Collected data

=== Section Start ===

(* Let $\alpha,\delta>0$ and let $\{x_j:j\in\mathbb{N}\}$ be a complete interpolating sequence for $L^2(S_\delta)$, where $S_\delta=[-\delta,\delta]^2$. Then for every $f\in PW_{S_\delta}$ the Poisson interpolant satisfies $I_\alpha[f]\in L^2(\mathbb{R}^2)\cap C(\mathbb{R}^2)$.
   Context: Fourier transform on $\mathbb{R}^2$: $\hat g(\xi)=\mathcal{F}[g](\xi)=(2\pi)^{-1}\int g(x)e^{-i\langle\xi,x\rangle}dx$, extended to $L^2(\mathbb{R}^2)$. For $S\subset\mathbb{R}^2$ of positive measure, $PW_S=\{f\in L^2(\mathbb{R}^2):\hat f=0 \text{ a.e. outside } S\}$. A sequence $\{x_j:j\in\mathbb{N}\}\subset\mathbb{R}^2$ is a complete interpolating sequence for $S_\delta$ if $\{e^{i\langle\cdot,x_j\rangle}\}$ is a Riesz basis of $L^2(S_\delta)$. Poisson kernel: $g_\alpha(x)=(2\pi)^{-1}\alpha(\alpha^2+|x|^2)^{-3/2}$. For $f\in PW_{S_\delta}$ one has $\{f(x_j)\}\in\ell^2$, and there is a (unique) sequence $\{a_j\}\in\ell^2$ such that $I_\alpha[f](x)=\sum_{j=1}^\infty a_jg_\alpha(x-x_j)$ satisfies $I_\alpha[f](x_k)=f(x_k)$ for all $k\in\mathbb{N}$; $I_\alpha[f]$ is called the Poisson interpolant of $f$. *)

theory Defs
  imports "HOL-Analysis.Analysis"
begin

definition sq_int :: "(real^2 \<Rightarrow> complex) \<Rightarrow> bool" where
  "sq_int f \<longleftrightarrow> f \<in> borel_measurable lborel \<and> integrable lborel (\<lambda>x. (cmod (f x))^2)"

definition sq_int_on :: "(real^2) set \<Rightarrow> (real^2 \<Rightarrow> complex) \<Rightarrow> bool" where
  "sq_int_on S g \<longleftrightarrow> set_borel_measurable lborel S g \<and> set_integrable lborel S (\<lambda>x. (cmod (g x))^2)"

definition L2_norm2_on :: "(real^2) set \<Rightarrow> (real^2 \<Rightarrow> complex) \<Rightarrow> real" where
  "L2_norm2_on S g = (LINT x:S|lborel. (cmod (g x))^2)"

definition fourier :: "(real^2 \<Rightarrow> complex) \<Rightarrow> real^2 \<Rightarrow> complex" where
  "fourier g \<xi> = complex_of_real (1 / (2 * pi)) *
      (LINT x|lborel. g x * exp (- \<i> * complex_of_real (\<xi> \<bullet> x)))"

text \<open>Paley--Wiener space: f in L2 whose (L2 = distributional) Fourier transform F vanishes
  a.e. outside S; F is characterised by the duality identity
  int f * hat phi = int F * phi for all phi in L1 cap L2.\<close>
definition PW :: "(real^2) set \<Rightarrow> (real^2 \<Rightarrow> complex) set" where
  "PW S = {f. sq_int f \<and>
     (\<exists>F. sq_int F \<and> (AE \<xi> in lborel. \<xi> \<notin> S \<longrightarrow> F \<xi> = 0) \<and>
        (\<forall>\<phi>. \<phi> \<in> borel_measurable lborel \<and> integrable lborel \<phi> \<and> sq_int \<phi> \<longrightarrow>
           (LINT x|lborel. f x * fourier \<phi> x) = (LINT \<xi>|lborel. F \<xi> * \<phi> \<xi>)))}"

definition riesz_basis_L2 :: "(real^2) set \<Rightarrow> (nat \<Rightarrow> real^2 \<Rightarrow> complex) \<Rightarrow> bool" where
  "riesz_basis_L2 S e \<longleftrightarrow>
     (\<forall>j. sq_int_on S (e j)) \<and>
     (\<exists>A B. 0 < A \<and> 0 < B \<and>
        (\<forall>(c :: nat \<Rightarrow> complex) n.
            A * (\<Sum>j<n. (cmod (c j))^2) \<le> L2_norm2_on S (\<lambda>\<xi>. \<Sum>j<n. c j * e j \<xi>) \<and>
            L2_norm2_on S (\<lambda>\<xi>. \<Sum>j<n. c j * e j \<xi>) \<le> B * (\<Sum>j<n. (cmod (c j))^2))) \<and>
     (\<forall>g. sq_int_on S g \<longrightarrow>
        (\<forall>\<epsilon>>0. \<exists>(c :: nat \<Rightarrow> complex) n.
            L2_norm2_on S (\<lambda>\<xi>. g \<xi> - (\<Sum>j<n. c j * e j \<xi>)) < \<epsilon>))"

definition complete_interpolating :: "(real^2) set \<Rightarrow> (nat \<Rightarrow> real^2) \<Rightarrow> bool" where
  "complete_interpolating S xs \<longleftrightarrow>
     riesz_basis_L2 S (\<lambda>j \<xi>. exp (\<i> * complex_of_real (\<xi> \<bullet> xs j)))"

definition square :: "real \<Rightarrow> (real^2) set" where
  "square \<delta> = cbox (\<chi> i. - \<delta>) (\<chi> i. \<delta>)"

definition poisson :: "real \<Rightarrow> real^2 \<Rightarrow> real" where
  "poisson \<alpha> x = (1 / (2 * pi)) * \<alpha> * (\<alpha>^2 + (norm x)^2) powr (- 3 / 2)"

definition poisson_sum :: "real \<Rightarrow> (nat \<Rightarrow> real^2) \<Rightarrow> (nat \<Rightarrow> complex) \<Rightarrow> real^2 \<Rightarrow> complex" where
  "poisson_sum \<alpha> xs a x = (\<Sum>j. a j * complex_of_real (poisson \<alpha> (x - xs j)))"

end

theory Submission
  imports Defs
begin

text \<open>Write \<open>g\<^sub>j(x) = g\<^sub>\<alpha>(x - x\<^sub>j)\<close>. Since the coefficients are only square summable, the
  series \<open>\<Sum>\<^sub>j a\<^sub>j g\<^sub>j\<close> is controlled by Cauchy--Schwarz with weights \<open>g\<^sub>j(x)\<close>:
  \<open>|\<Sum>\<^sub>j a\<^sub>j g\<^sub>j(x)|\<^sup>2 \<le> (\<Sum>\<^sub>j g\<^sub>j(x)) \<cdot> \<Sum>\<^sub>j |a\<^sub>j|\<^sup>2 g\<^sub>j(x)\<close>.
  The first factor is bounded uniformly in \<open>x\<close>: the lower Riesz bound forces a complete
  interpolating sequence to be uniformly separated, and by a Harnack inequality for the Poisson
  kernel each \<open>g\<^sub>j(x)\<close> is dominated by the average of \<open>g\<^sub>\<alpha>(\<cdot> - x)\<close> over a ball around
  \<open>x\<^sub>j\<close>, these balls being disjoint. The second factor has integral
  \<open>\<parallel>g\<^sub>\<alpha>\<parallel>\<^sub>1 \<Sum>\<^sub>j |a\<^sub>j|\<^sup>2\<close>, so the interpolant is in \<open>L\<^sup>2\<close>; the same estimate applied to tails
  gives uniform convergence and hence continuity.\<close>

lemma norm_weighted_sum_sq_le:
  fixes a :: "'i \<Rightarrow> complex" and w :: "'i \<Rightarrow> real"
  assumes "\<And>i. i \<in> A \<Longrightarrow> 0 \<le> w i"
  shows "(cmod (\<Sum>i\<in>A. a i * of_real (w i)))^2 \<le> (\<Sum>i\<in>A. (cmod (a i))^2 * w i) * (\<Sum>i\<in>A. w i)"
proof -
  have "cmod (\<Sum>i\<in>A. a i * of_real (w i)) \<le> (\<Sum>i\<in>A. (cmod (a i) * sqrt (w i)) * sqrt (w i))"
    using norm_sum[of "\<lambda>i. a i * of_real (w i)" A] assms
    by (simp add: norm_mult mult.assoc)
  then have "(cmod (\<Sum>i\<in>A. a i * of_real (w i)))^2 \<le> (\<Sum>i\<in>A. (cmod (a i) * sqrt (w i)) * sqrt (w i))^2"
    by (intro power_mono) auto
  also have "\<dots> \<le> (\<Sum>i\<in>A. (cmod (a i) * sqrt (w i))^2) * (\<Sum>i\<in>A. (sqrt (w i))^2)"
    by (rule Cauchy_Schwarz_ineq_sum)
  also have "\<dots> = (\<Sum>i\<in>A. (cmod (a i))^2 * w i) * (\<Sum>i\<in>A. w i)"
    using assms by (simp add: power_mult_distrib)
  finally show ?thesis .
qed

lemma sum_le_of_partial_sums_le:
  fixes w :: "nat \<Rightarrow> real"
  assumes "\<And>i. 0 \<le> w i" and "\<And>n. (\<Sum>i<n. w i) \<le> M" and "finite A"
  shows "(\<Sum>i\<in>A. w i) \<le> M"
proof -
  have "A \<subseteq> {..<Suc (Max A)}"
    using Max_ge[OF \<open>finite A\<close>] by (simp add: subset_iff less_Suc_eq_le)
  then have "(\<Sum>i\<in>A. w i) \<le> (\<Sum>i<Suc (Max A). w i)"
    using assms(1) by (intro sum_mono2) auto
  also have "\<dots> \<le> M" by (rule assms(2))
  finally show ?thesis .
qed

lemma norm_weighted_sum_sq_le_bound:
  fixes g :: "nat \<Rightarrow> 'a \<Rightarrow> real" and a :: "nat \<Rightarrow> complex"
  assumes "\<And>j x. 0 \<le> g j x" and "\<And>n x. (\<Sum>j<n. g j x) \<le> M" and "finite A"
  shows "(cmod (\<Sum>j\<in>A. a j * of_real (g j x)))^2 \<le> M * (\<Sum>j\<in>A. (cmod (a j))^2 * g j x)"
proof -
  have "(cmod (\<Sum>j\<in>A. a j * of_real (g j x)))^2 \<le> (\<Sum>j\<in>A. (cmod (a j))^2 * g j x) * (\<Sum>j\<in>A. g j x)"
    using assms(1) by (rule norm_weighted_sum_sq_le)
  also have "\<dots> \<le> (\<Sum>j\<in>A. (cmod (a j))^2 * g j x) * M"
    using sum_le_of_partial_sums_le[OF assms] assms(1) by (simp add: mult_left_mono sum_nonneg)
  finally show ?thesis by (simp add: mult.commute)
qed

=== Section End ===

List every line above that contains the word "satisfies".

(* Let $\alpha,\delta>0$ and let $\{x_j:j\in\mathbb{N}\}$ be a complete interpolating sequence for $L^2(S_\delta)$, where $S_\delta=[-\delta,\delta]^2$. Then for every $f\in PW_{S_\delta}$ the Poisson interpolant satisfies $I_\alpha[f]\in L^2(\mathbb{R}^2)\cap C(\mathbb{R}^2)$.
   Context: Fourier transform on $\mathbb{R}^2$: $\hat g(\xi)=\mathcal{F}[g](\xi)=(2\pi)^{-1}\int g(x)e^{-i\langle\xi,x\rangle}dx$, extended to $L^2(\mathbb{R}^2)$. For $S\subset\mathbb{R}^2$ of positive measure, $PW_S=\{f\in L^2(\mathbb{R}^2):\hat f=0 \text{ a.e. outside } S\}$. A sequence $\{x_j:j\in\mathbb{N}\}\subset\mathbb{R}^2$ is a complete interpolating sequence for $S_\delta$ if $\{e^{i\langle\cdot,x_j\rangle}\}$ is a Riesz basis of $L^2(S_\delta)$. Poisson kernel: $g_\alpha(x)=(2\pi)^{-1}\alpha(\alpha^2+|x|^2)^{-3/2}$. For $f\in PW_{S_\delta}$ one has $\{f(x_j)\}\in\ell^2$, and there is a (unique) sequence $\{a_j\}\in\ell^2$ such that $I_\alpha[f](x)=\sum_{j=1}^\infty a_jg_\alpha(x-x_j)$ satisfies $I_\alpha[f](x_k)=f(x_k)$ for all $k\in\mathbb{N}$; $I_\alpha[f]$ is called the Poisson interpolant of $f$. *)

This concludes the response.